Track the metrics that actually matter. Volume metrics (“alerts handled”) tell leadership nothing. The metrics that prove a purple program is working are detection coverage by ATT&CK tactic, mean time to detect (MTTD) per technique, the percentage of tested techniques that produce actionable alerts, and the count of new production detections shipped per quarter. NIST CSF 2.0 and recent SEC disclosure rules have pushed these from nice-to-have toward audit-relevant.

90-Day Build Plan

What to Ship Each Month

Days

1–30

Foundation

Sponsor secured. Charter and RoE signed. Telemetry inventory complete. Lab built with snapshots. First baseline exercise: 5 techniques, scored 0–5, lessons-learned doc filed.

Days

31–60

Cadence

Monthly exercise schedule locked. Detection backlog with SLAs running. Caldera deployed for multi-step emulation. Sigma rules in version control. MTTD and coverage metrics dashboard live.

Days

61–90

Operationalize

Three exercises completed and trended. Executive metrics packet shipped to sponsor. CTI feeds driving TTP selection. Cloud techniques added via Stratus. Q2 plan with named adversaries on the calendar.

Days 61–90: Operationalize and Defend the Program

Month three is where most internal programs die. The exercises run fine, but the findings stop converting to detections, the metrics stop reaching leadership, and within two quarters the team is back to ad-hoc red work.

Trend the data. With three exercises in the books, you can show movement: detection coverage as a percentage of tested techniques, MTTD trending down on previously tested TTPs, and the cumulative count of production detections shipped. SCYTHE’s PTEF v4 maturity model gives you a five-level self-assessment to benchmark against — re-running it after every three exercises shows whether the program is actually maturing or just running in place.

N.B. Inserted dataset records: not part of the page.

lemma ent_avg_le_avg_ent:
  fixes H :: "'a \<Rightarrow> 'b \<Rightarrow> real"
  assumes finY: "finite Y" and finU: "finite U" and Une: "U \<noteq> {}"
    and H0: "\<And>y u. y \<in> Y \<Longrightarrow> u \<in> U \<Longrightarrow> 0 \<le> H y u"
  shows "ent Y (\<lambda>y. avg U (H y)) \<le> avg U (\<lambda>u. ent Y (\<lambda>y. H y u))"
proof (cases "Y = {}")
  case True then show ?thesis by (simp add: ent_def avg_def)
next
  case False
  have cY: "0 < real (card Y)" using False finY by (simp add: card_gt_0_iff)
  have cU: "0 < real (card U)" using Une finU by (simp add: card_gt_0_iff)
  define G where "G y = avg U (H y)" for y
  define mu where "mu u = avg Y (\<lambda>y. H y u)" for u
  have Gbar: "avg Y G = avg U mu"
    unfolding G_def mu_def avg_def
    by (simp add: sum_divide_distrib[symmetric] sum.swap[of _ Y U])
  have mu0: "0 \<le> mu u" if "u \<in> U" for u unfolding mu_def using H0 that by (simp add: avg_nonneg)
  have mupos: "0 < mu u" if "y \<in> Y" "u \<in> U" "0 < H y u" for y u
    unfolding mu_def using avg_pos[of Y "\<lambda>y. H y u" y] finY H0 that by blast
  have pw: "real (card U) * (G y * ln (G y / avg Y G)) \<le> (\<Sum>u\<in>U. H y u * ln (H y u / mu u))"
    if y: "y \<in> Y" for y
  proof -
    have "(\<Sum>u\<in>U. H y u) * ln ((\<Sum>u\<in>U. H y u) / (\<Sum>u\<in>U. mu u)) \<le> (\<Sum>u\<in>U. H y u * ln (H y u / mu u))"
      by (rule log_sum_inequality[OF finU]) (use H0 y mu0 mupos in auto)
    moreover have "(\<Sum>u\<in>U. H y u) = real (card U) * G y" unfolding G_def card_mult_avg ..
    moreover have "(\<Sum>u\<in>U. mu u) = real (card U) * avg Y G" unfolding Gbar card_mult_avg ..
    ultimately show ?thesis using cU by simp
  qed
  have "real (card U) * (real (card Y) * ent Y G) \<le> (\<Sum>y\<in>Y. \<Sum>u\<in>U. H y u * ln (H y u / mu u))"
    unfolding card_mult_ent sum_distrib_left by (rule sum_mono) (use pw in auto)
  also have "\<dots> = real (card Y) * (\<Sum>u\<in>U. ent Y (\<lambda>y. H y u))"
    unfolding sum.swap[of _ Y U] sum_distrib_left card_mult_ent mu_def ..
  also have "\<dots> = real (card Y) * (real (card U) * avg U (\<lambda>u. ent Y (\<lambda>y. H y u)))"
    unfolding card_mult_avg ..
  finally show ?thesis unfolding G_def using cU cY by simp
qed

lemma ent_product_le:
  fixes H :: "'a \<Rightarrow> 'b \<Rightarrow> real"
  assumes finY: "finite Y" and finU: "finite U" and Yne: "Y \<noteq> {}" and Une: "U \<noteq> {}"
    and H0: "\<And>y u. y \<in> Y \<Longrightarrow> u \<in> U \<Longrightarrow> 0 \<le> H y u"
  shows "ent (Y \<times> U) (\<lambda>(y,u). H y u) \<le> avg U (\<lambda>u. ent Y (\<lambda>y. H y u)) + avg Y (\<lambda>y. ent U (H y))"
proof -
  have cY: "0 < real (card Y)" using Yne finY by (simp add: card_gt_0_iff)
  have cU: "0 < real (card U)" using Une finU by (simp add: card_gt_0_iff)
  define G where "G y = avg U (H y)" for y
  define Hb where "Hb = avg (Y \<times> U) (\<lambda>(y,u). H y u)"
  have HbG: "Hb = avg Y G"
    unfolding Hb_def G_def avg_def card_cartesian_product
    by (simp add: sum_divide_distrib[symmetric] sum.cartesian_product[symmetric] mult.commute)
  have G0: "\<And>y. y \<in> Y \<Longrightarrow> 0 \<le> G y" unfolding G_def by (rule avg_nonneg) (use H0 in auto)
  have Gpos: "0 < G y" if "y \<in> Y" "u \<in> U" "0 < H y u" for y u
    unfolding G_def using avg_pos[of U "H y" u] finU H0 that by blast
  have Hbpos: "0 < Hb" if "y \<in> Y" "u \<in> U" "0 < H y u" for y u
    unfolding HbG using avg_pos[of Y G y] finY G0 Gpos that by blast
  have "real (card Y) * real (card U) * ent (Y \<times> U) (\<lambda>(y,u). H y u)
      = (\<Sum>y\<in>Y. \<Sum>u\<in>U. H y u * ln (H y u / Hb))"
    using card_mult_ent[of "Y \<times> U" "\<lambda>(y,u). H y u"]
    unfolding Hb_def card_cartesian_product by (simp add: sum.cartesian_product case_prod_beta')
  also have "\<dots> = (\<Sum>y\<in>Y. (\<Sum>u\<in>U. H y u * ln (H y u / G y)) + (\<Sum>u\<in>U. H y u) * ln (G y / Hb))"
    by (intro sum.cong refl)
      (auto simp: sum_distrib_right sum.distrib[symmetric] H0 Gpos Hbpos intro!: sum.cong mult_ln_div_split)
  also have "\<dots> = (\<Sum>y\<in>Y. real (card U) * ent U (H y) + real (card U) * (G y * ln (G y / Hb)))"
    by (intro sum.cong refl) (simp only: card_mult_ent G_def card_mult_avg[symmetric] mult.assoc)
  also have "\<dots> = real (card U) * (\<Sum>y\<in>Y. ent U (H y)) + real (card U) * (real (card Y) * ent Y G)"
    unfolding HbG card_mult_ent[of Y G] by (simp add: sum.distrib sum_distrib_left)
  also have "\<dots> = real (card U) * (real (card Y) * (avg Y (\<lambda>y. ent U (H y)) + ent Y G))"
    unfolding distrib_left card_mult_avg by (simp add: algebra_simps)
  finally have "ent (Y \<times> U) (\<lambda>(y,u). H y u) = avg Y (\<lambda>y. ent U (H y)) + ent Y G"
    using cY cU by (simp add: mult.assoc)
  moreover have "ent Y G \<le> avg U (\<lambda>u. ent Y (\<lambda>y. H y u))"
    unfolding G_def by (rule ent_avg_le_avg_ent[OF finY finU Une H0])
  ultimately show ?thesis by simp
qed

lemma ent_split:
  assumes finX: "finite X" and A: "A \<subseteq> X" and F0: "\<And>x. x \<in> X \<Longrightarrow> 0 \<le> F x"
  shows "real (card X) * ent X F = real (card A) * ent A F + real (card (X - A)) * ent (X - A) F
     + (\<Sum>x\<in>A. F x) * ln (avg A F / avg X F) + (\<Sum>x\<in>X - A. F x) * ln (avg (X - A) F / avg X F)"
proof -
  have part: "(\<Sum>x\<in>S. F x * ln (F x / avg X F))
      = real (card S) * ent S F + (\<Sum>x\<in>S. F x) * ln (avg S F / avg X F)" if S: "S \<subseteq> X" for S
  proof -
    have finS: "finite S" using S finX by (rule finite_subset)
    have "F x * ln (F x / avg X F) = F x * ln (F x / avg S F) + F x * ln (avg S F / avg X F)"
      if x: "x \<in> S" for x
      by (rule mult_ln_div_split)
        (use x S F0 avg_pos[of S F x] avg_pos[of X F x] finS finX in auto)
    then show ?thesis unfolding card_mult_ent by (simp add: sum.distrib sum_distrib_right)
  qed
  have "real (card X) * ent X F
      = (\<Sum>x\<in>X - A. F x * ln (F x / avg X F)) + (\<Sum>x\<in>A. F x * ln (F x / avg X F))"
    unfolding card_mult_ent using sum.subset_diff[OF A finX] by simp
  then show ?thesis using part[OF A] part[of "X - A"] by simp
qed

text \<open>Restricting to a subset can only lose total entropy: the two cross terms of the
  decomposition combine, by the log-sum inequality, to something nonnegative.\<close>

lemma ent_subset_le:
  assumes finX: "finite X" and A: "A \<subseteq> X" and F0: "\<And>x. x \<in> X \<Longrightarrow> 0 \<le> F x"
  shows "real (card A) * ent A F \<le> real (card X) * ent X F"
proof -
  define m where "m = avg X F"
  define S where "S B = (\<Sum>x\<in>B. F x)" for B
  have finA: "finite A" using A finX by (rule finite_subset)
  have m0: "0 \<le> m" unfolding m_def by (rule avg_nonneg) (use F0 in auto)
  have cross: "S B * ln (avg B F / m) = S B * ln (S B / (real (card B) * m))" for B
    unfolding S_def avg_def by (cases "card B = 0") auto
  have pos: "0 < real (card B) * m" if B: "B \<subseteq> X" and SB: "0 < S B" for B
  proof -
    have "finite B" "B \<noteq> {}" using B SB finX unfolding S_def by (auto intro: finite_subset)
    moreover have "S B \<le> real (card X) * m"
      unfolding m_def card_mult_avg S_def by (rule sum_mono2[OF finX B]) (use F0 in auto)
    ultimately show ?thesis using SB m0 by (auto simp: card_gt_0_iff zero_less_mult_iff)
  qed
  have SX: "S A + S (X - A) = real (card X) * m"
    unfolding S_def m_def card_mult_avg using sum.subset_diff[OF A finX, of F] by simp
  have cardX: "real (card A) * m + real (card (X - A)) * m = real (card X) * m"
    using card_Diff_subset[OF finA A] card_mono[OF finX A] by (simp add: algebra_simps of_nat_diff)
  have "(S A + S (X - A)) * ln ((S A + S (X - A)) / (real (card A) * m + real (card (X - A)) * m))
      \<le> S A * ln (avg A F / m) + S (X - A) * ln (avg (X - A) F / m)"
    unfolding cross by (rule log_sum_inequality_two)
      (use F0 A m0 pos[OF A] pos[of "X - A"] in \<open>auto simp: S_def intro!: sum_nonneg\<close>)
  then have "0 \<le> S A * ln (avg A F / m) + S (X - A) * ln (avg (X - A) F / m)"
    unfolding cardX SX by (cases "real (card X) * m = 0") auto
  moreover have "0 \<le> real (card (X - A)) * ent (X - A) F"
    using ent_nonneg[of "X - A" F] F0 finX by simp
  ultimately show ?thesis using ent_split[where F=F, OF finX A F0] unfolding m_def S_def by linarith
qed

lemma var_eq:
  assumes "finite Q" "Q \<noteq> {}"
  shows "var Q g = avg Q (\<lambda>x. (g x)^2) - (avg Q g)^2"
proof -
  have n: "0 < real (card Q)" using assms by (simp add: card_gt_0_iff)
  have "(\<Sum>y\<in>Q. \<Sum>z\<in>Q. (g y - g z)^2) = (\<Sum>y\<in>Q. \<Sum>z\<in>Q. (g y)^2 + (g z)^2 - 2 * g y * g z)"
    by (simp add: power2_diff)
  also have "\<dots> = (\<Sum>y\<in>Q. \<Sum>z\<in>Q. (g y)^2) + (\<Sum>y\<in>Q. \<Sum>z\<in>Q. (g z)^2) - 2 * (\<Sum>y\<in>Q. \<Sum>z\<in>Q. g y * g z)"
    by (simp add: sum.distrib sum_subtractf sum_distrib_left mult.assoc)
  also have "(\<Sum>y\<in>Q. \<Sum>z\<in>Q. (g y)^2) = real (card Q) * (\<Sum>y\<in>Q. (g y)^2)"
    by (simp add: sum_distrib_left mult.commute)
  also have "(\<Sum>y\<in>Q. \<Sum>z\<in>Q. (g z)^2) = real (card Q) * (\<Sum>y\<in>Q. (g y)^2)"
    by simp
  also have "(\<Sum>y\<in>Q. \<Sum>z\<in>Q. g y * g z) = (\<Sum>y\<in>Q. g y)^2"
    by (simp add: power2_eq_square sum_product)
  finally show ?thesis unfolding var_def avg_def using n
    by (simp add: field_simps power2_eq_square)
qed

lemma var_nonneg: "0 \<le> var Q g"
  unfolding var_def by (simp add: sum_nonneg)

lemma var_doubleton: "x \<noteq> x' \<Longrightarrow> var {x, x'} g = (g x - g x')^2 / 4"
  unfolding var_def by (simp add: power2_commute)

lemma sum_avg_blocks:
  assumes finA: "finite A" and self: "\<And>x. x \<in> A \<Longrightarrow> x \<in> Q x" and sub: "\<And>x. x \<in> A \<Longrightarrow> Q x \<subseteq> A"
    and eq: "\<And>x y. x \<in> A \<Longrightarrow> y \<in> Q x \<Longrightarrow> Q y = Q x"
  shows "(\<Sum>x\<in>A. (\<Sum>y\<in>Q x. h y) / real (card (Q x))) = (\<Sum>x\<in>A. h x)"
proof -
  have finQ: "finite (Q x)" if "x \<in> A" for x using sub[OF that] finA by (rule finite_subset)
  have block: "{x\<in>A. y \<in> Q x} = Q y" if y: "y \<in> A" for y
    using eq self sub[OF y] self[OF y] by (auto dest: eq[OF y])
  have "(\<Sum>x\<in>A. (\<Sum>y\<in>Q x. h y) / real (card (Q x)))
      = (\<Sum>x\<in>A. \<Sum>y\<in>A. if y \<in> Q x then h y / real (card (Q y)) else 0)"
  proof (rule sum.cong[OF refl])
    fix x assume x: "x \<in> A"
    have "(\<Sum>y\<in>Q x. h y) / real (card (Q x)) = (\<Sum>y\<in>Q x. h y / real (card (Q y)))"
      by (simp add: sum_divide_distrib eq[OF x] cong: sum.cong)
    also have "\<dots> = (\<Sum>y\<in>A. if y \<in> Q x then h y / real (card (Q y)) else 0)"
      using sum.inter_restrict[OF finA, of "\<lambda>y. h y / real (card (Q y))" "Q x"] sub[OF x]
      by (simp add: Int_absorb1 Int_commute)
    finally show "(\<Sum>y\<in>Q x. h y) / real (card (Q x)) = \<dots>" .
  qed
  also have "\<dots> = (\<Sum>y\<in>A. \<Sum>x\<in>A. if y \<in> Q x then h y / real (card (Q y)) else 0)"
    by (rule sum.swap)
  also have "\<dots> = (\<Sum>y\<in>A. h y)"
  proof (rule sum.cong[OF refl])
    fix y assume y: "y \<in> A"
    have "0 < card (Q y)" using finQ[OF y] self[OF y] by (auto simp: card_gt_0_iff)
    then show "(\<Sum>x\<in>A. if y \<in> Q x then h y / real (card (Q y)) else 0) = h y"
      using sum.inter_filter[OF finA, of "\<lambda>x. h y / real (card (Q y))" "\<lambda>x. y \<in> Q x"]
      by (simp add: block[OF y])
  qed
  finally show ?thesis .
qed

lemma avg_avg_blocks:
  assumes "finite A" "\<And>x. x \<in> A \<Longrightarrow> x \<in> Q x" "\<And>x. x \<in> A \<Longrightarrow> Q x \<subseteq> A"
    "\<And>x y. x \<in> A \<Longrightarrow> y \<in> Q x \<Longrightarrow> Q y = Q x"
  shows "avg A (\<lambda>x. avg (Q x) h) = avg A h"
  unfolding avg_def[of A] unfolding avg_def using sum_avg_blocks[OF assms, of h] by simp

lemma sum_mult_card_fibres:
  assumes "finite A" "finite T" "\<And>a. a \<in> A \<Longrightarrow> \<phi> a \<in> T"
  shows "(\<Sum>y\<in>T. h y * real (card {a \<in> A. \<phi> a = y})) = (\<Sum>a\<in>A. h (\<phi> a))"
proof -
  have "(\<Sum>a\<in>A. h (\<phi> a)) = (\<Sum>y\<in>T. \<Sum>a\<in>{a\<in>A. \<phi> a = y}. h (\<phi> a))"
    by (rule sum.group[symmetric]) (use assms in auto)
  also have "\<dots> = (\<Sum>y\<in>T. h y * real (card {a \<in> A. \<phi> a = y}))"
    by (intro sum.cong refl) (simp add: mult.commute)
  finally show ?thesis by simp
qed

lemma sum_avg_sq_diff_blocks:
  assumes "finite A" "\<And>x. x \<in> A \<Longrightarrow> x \<in> Q x" "\<And>x. x \<in> A \<Longrightarrow> Q x \<subseteq> A"
    and eq: "\<And>x y. x \<in> A \<Longrightarrow> y \<in> Q x \<Longrightarrow> Q y = Q x"
  shows "(\<Sum>x\<in>A. (\<Sum>y\<in>Q x. (g x - g y)^2) / real (card (Q x))) = (\<Sum>x\<in>A. 2 * var (Q x) g)"
proof -
  define h where "h z = (\<Sum>y\<in>Q z. (g z - g y)^2) / real (card (Q z))" for z
  have "(\<Sum>z\<in>Q x. h z) / real (card (Q x)) = 2 * var (Q x) g" if "x \<in> A" for x
  proof -
    have "(\<Sum>z\<in>Q x. h z) = (\<Sum>z\<in>Q x. \<Sum>y\<in>Q x. (g z - g y)^2) / real (card (Q x))"
      unfolding h_def sum_divide_distrib using eq[OF that] by simp
    then show ?thesis unfolding var_def by (simp add: power2_eq_square field_simps)
  qed
  then show ?thesis using sum_avg_blocks[OF assms, of h] unfolding h_def by simp
qed
lemma exp_minus_one_le: "exp u - 1 \<le> u * exp (u::real)"
proof -
  have "(1 - u) * exp u \<le> exp (- u) * exp u"
    using exp_minus_ge[of u] by (intro mult_right_mono) auto
  then show ?thesis
    by (simp add: algebra_simps flip: exp_add)
qed

lemma convex_comb_norm_le:
  fixes v :: "'a \<Rightarrow> 'b::real_normed_vector"
  assumes "\<And>j. j \<in> A \<Longrightarrow> 0 \<le> w j" and "sum w A = 1"
    and "\<And>j. j \<in> A \<Longrightarrow> norm (v j) \<le> M"
  shows "norm (\<Sum>j\<in>A. w j *\<^sub>R v j) \<le> M"
proof -
  have "norm (\<Sum>j\<in>A. w j *\<^sub>R v j) \<le> (\<Sum>j\<in>A. w j * M)"
    using assms(1,3) by (intro order_trans[OF norm_sum] sum_mono) (simp add: mult_left_mono)
  also have "\<dots> = M"
    using assms(2) by (simp flip: sum_distrib_right)
  finally show ?thesis .
qed

lemma Kw_nonneg: "0 \<le> Kw \<beta> V x i j"
  by (simp add: Kw_eq_softmax softmax_nonneg)

lemma sum_Kw: "(\<Sum>j\<in>UNIV. Kw \<beta> V x i j) = 1"
  by (simp add: Kw_eq_softmax sum_softmax)

lemma Kw_diff_le:
  fixes x x' :: "'n::finite \<Rightarrow> real^'d"
  assumes "0 \<le> \<beta>" and V_bound: "\<And>z. norm (V *v z) \<le> B * norm z"
    and unit: "\<And>m. norm (x m) = 1" "\<And>m. norm (x' m) = 1"
    and close: "\<And>m. norm (x m - x' m) \<le> \<rho>"
  shows "\<bar>Kw \<beta> V x i j - Kw \<beta> V x' i j\<bar> \<le> exp (4 * \<beta> * B * \<rho>) - 1"
proof -
  have "0 \<le> B"
    using V_bound[of "x i"] unit(1)[of i] by (metis mult_1_right norm_ge_zero order_trans)
  have energy_diff: "\<bar>x i \<bullet> (V *v x l) - x' i \<bullet> (V *v x' l)\<bar> \<le> 2 * B * \<rho>" for l
  proof -
    have "\<bar>x i \<bullet> (V *v x l) - x' i \<bullet> (V *v x' l)\<bar>
        = \<bar>(x i - x' i) \<bullet> (V *v x l) + x' i \<bullet> (V *v (x l - x' l))\<bar>"
      by (simp add: inner_diff_left inner_diff_right matrix_vector_mult_diff_distrib)
    also have "\<dots> \<le> norm (x i - x' i) * norm (V *v x l) + norm (x' i) * norm (V *v (x l - x' l))"
      by (intro order_trans[OF abs_triangle_ineq] add_mono Cauchy_Schwarz_ineq2)
    also have "\<dots> \<le> \<rho> * B + 1 * (B * \<rho>)"
    proof -
      have "norm (V *v x l) \<le> B"
        using V_bound[of "x l"] unit(1)[of l] by simp
      moreover have "norm (V *v (x l - x' l)) \<le> B * \<rho>"
        using V_bound[of "x l - x' l"] mult_left_mono[OF close[of l] \<open>0 \<le> B\<close>] by linarith
      ultimately show ?thesis
        using close[of i] unit(2)[of i] \<open>0 \<le> B\<close> order_trans[OF norm_ge_zero close[of i]]
        by (intro add_mono mult_mono) auto
    qed
    finally show ?thesis
      by simp
  qed
  have "\<bar>\<beta> * (x i \<bullet> (V *v x l)) - \<beta> * (x' i \<bullet> (V *v x' l))\<bar> \<le> 2 * \<beta> * B * \<rho>" for l
    using mult_left_mono[OF energy_diff \<open>0 \<le> \<beta>\<close>]
    by (simp add: abs_mult \<open>0 \<le> \<beta>\<close> mult_ac flip: right_diff_distrib)
  then have "\<bar>softmax (\<lambda>l. \<beta> * (x i \<bullet> (V *v x l))) j - softmax (\<lambda>l. \<beta> * (x' i \<bullet> (V *v x' l))) j\<bar>
      \<le> exp (2 * (2 * \<beta> * B * \<rho>)) - 1"
    by (rule softmax_diff_le)
  then show ?thesis
    by (simp add: Kw_eq_softmax mult_ac)
qed
lemma not_reg_transductively_learns_H_OTP: "\<not> reg_transductively_learns H_OTP \<psi>"
proof
  let ?L = "contrarian_learner H_OTP \<psi>"
  assume "reg_transductively_learns H_OTP \<psi>"
  then have "transductive_learner H_OTP ?L"
    using contrarian_learner_induced unfolding reg_transductively_learns_def by blast
  then obtain m :: "real \<Rightarrow> nat" where m: "\<forall>\<epsilon>. 0 < \<epsilon> \<and> \<epsilon> < 1 \<longrightarrow>
      (\<forall>h\<in>H_OTP. \<forall>S. m \<epsilon> \<le> length S \<longrightarrow> trans_error ?L S h \<le> \<epsilon>)"
    unfolding transductive_learner_def by blast
  define k where "k = max 2 (m (1 / 10))"
  have "2 \<le> k"
    by (simp add: k_def)
  then obtain a b t where N: "(a, b) \<in> pairs_of_length k"
    and err: "1 / 8 \<le> trans_error ?L (block_sample (xor_str a b) t) (dup_hyp (a, b))"
    by (rule contrarian_learner_bad_sample[where \<psi> = \<psi>])
  have "dup_hyp (a, b) \<in> H_OTP"
    using dup_hyp_in_H_OTP[OF N] by (simp add: k_def)
  moreover have "m (1 / 10) \<le> length (block_sample (xor_str a b) t)"
    using N by (simp add: pairs_of_length_def k_def)
  ultimately have "trans_error ?L (block_sample (xor_str a b) t) (dup_hyp (a, b)) \<le> 1 / 10"
    using m[rule_format, of "1 / 10" "dup_hyp (a, b)" "block_sample (xor_str a b) t"] by simp
  then show False
    using err by simp
qed

theorem theorem1:
  shows "transductively_learnable H_OTP \<and> PAC_learnable H_OTP \<and>
         \<not> (\<exists>\<psi>. local_regularizer H_OTP \<psi> \<and> reg_transductively_learns H_OTP \<psi>)"
  using transductively_learnable_H_OTP PAC_learnable_H_OTP not_reg_transductively_learns_H_OTP
  by blast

Tie TTPs to threat intelligence. By day 90, exercise selection should be driven by what your CTI function says is targeting your sector, not by what’s convenient. If your CTI team flags an ALPHV/BlackCat-style affiliate or a Scattered Spider-style social engineering chain, that’s the next exercise. The MITRE Center for Threat-Informed Defense maintains adversary emulation plans you can use as starting points; the adversary_emulation_library repo bundled with Caldera includes ready-to-run plans.

Build the executive narrative. The metrics packet that goes to the CISO and ultimately the board is short: techniques tested this quarter, percentage with high-fidelity detection, detection backlog burndown, and one or two specific examples where a purple finding became a production detection that later fired on a real event. That last one is the program’s life insurance.

Tooling Reference

A 90-day buildout doesn’t need every tool — picking two or three from this list and using them well beats deploying five and maintaining none.

Open-Source Stack

Core Tooling for an Internal Purple Program

Tool

Role

Notes

Atomic Red Team

Emulation

1,225 tests across 261 ATT&CK techniques. PowerShell-driven, cleanup commands included. Best starting point for atomic technique validation.

MITRE Caldera

Emulation

Agent/server platform for chained, multi-step operations. Use v5.1.0+ for the CVE-2025-27364 patch. Never expose the server publicly.

Stratus Red Team

Emulation

Cloud-native equivalent from Datadog. Covers AWS, Azure, GCP, Kubernetes. Roughly 40 atomic tests against the ATT&CK Cloud matrix.

VECTR

Tracking

Free purple team management platform from Security Risk Advisors. Tracks TTPs, scores detections, trends results across exercises.

Sysmon

Telemetry

Microsoft endpoint sensor. Pair with sysmon-modular or SwiftOnSecurity config. Mandatory if Defender for Endpoint isn’t deployed.

Splunk Attack Range

Lab

Automated lab build. Spins up Windows domain, Linux hosts, attacker box, and Splunk SIEM in AWS or local. Resets cleanly.

PTEF v4

Methodology

SCYTHE’s framework. Free and tool-agnostic. Provides 0–5 scoring, gap taxonomy, maturity model, and detection engineering lifecycle.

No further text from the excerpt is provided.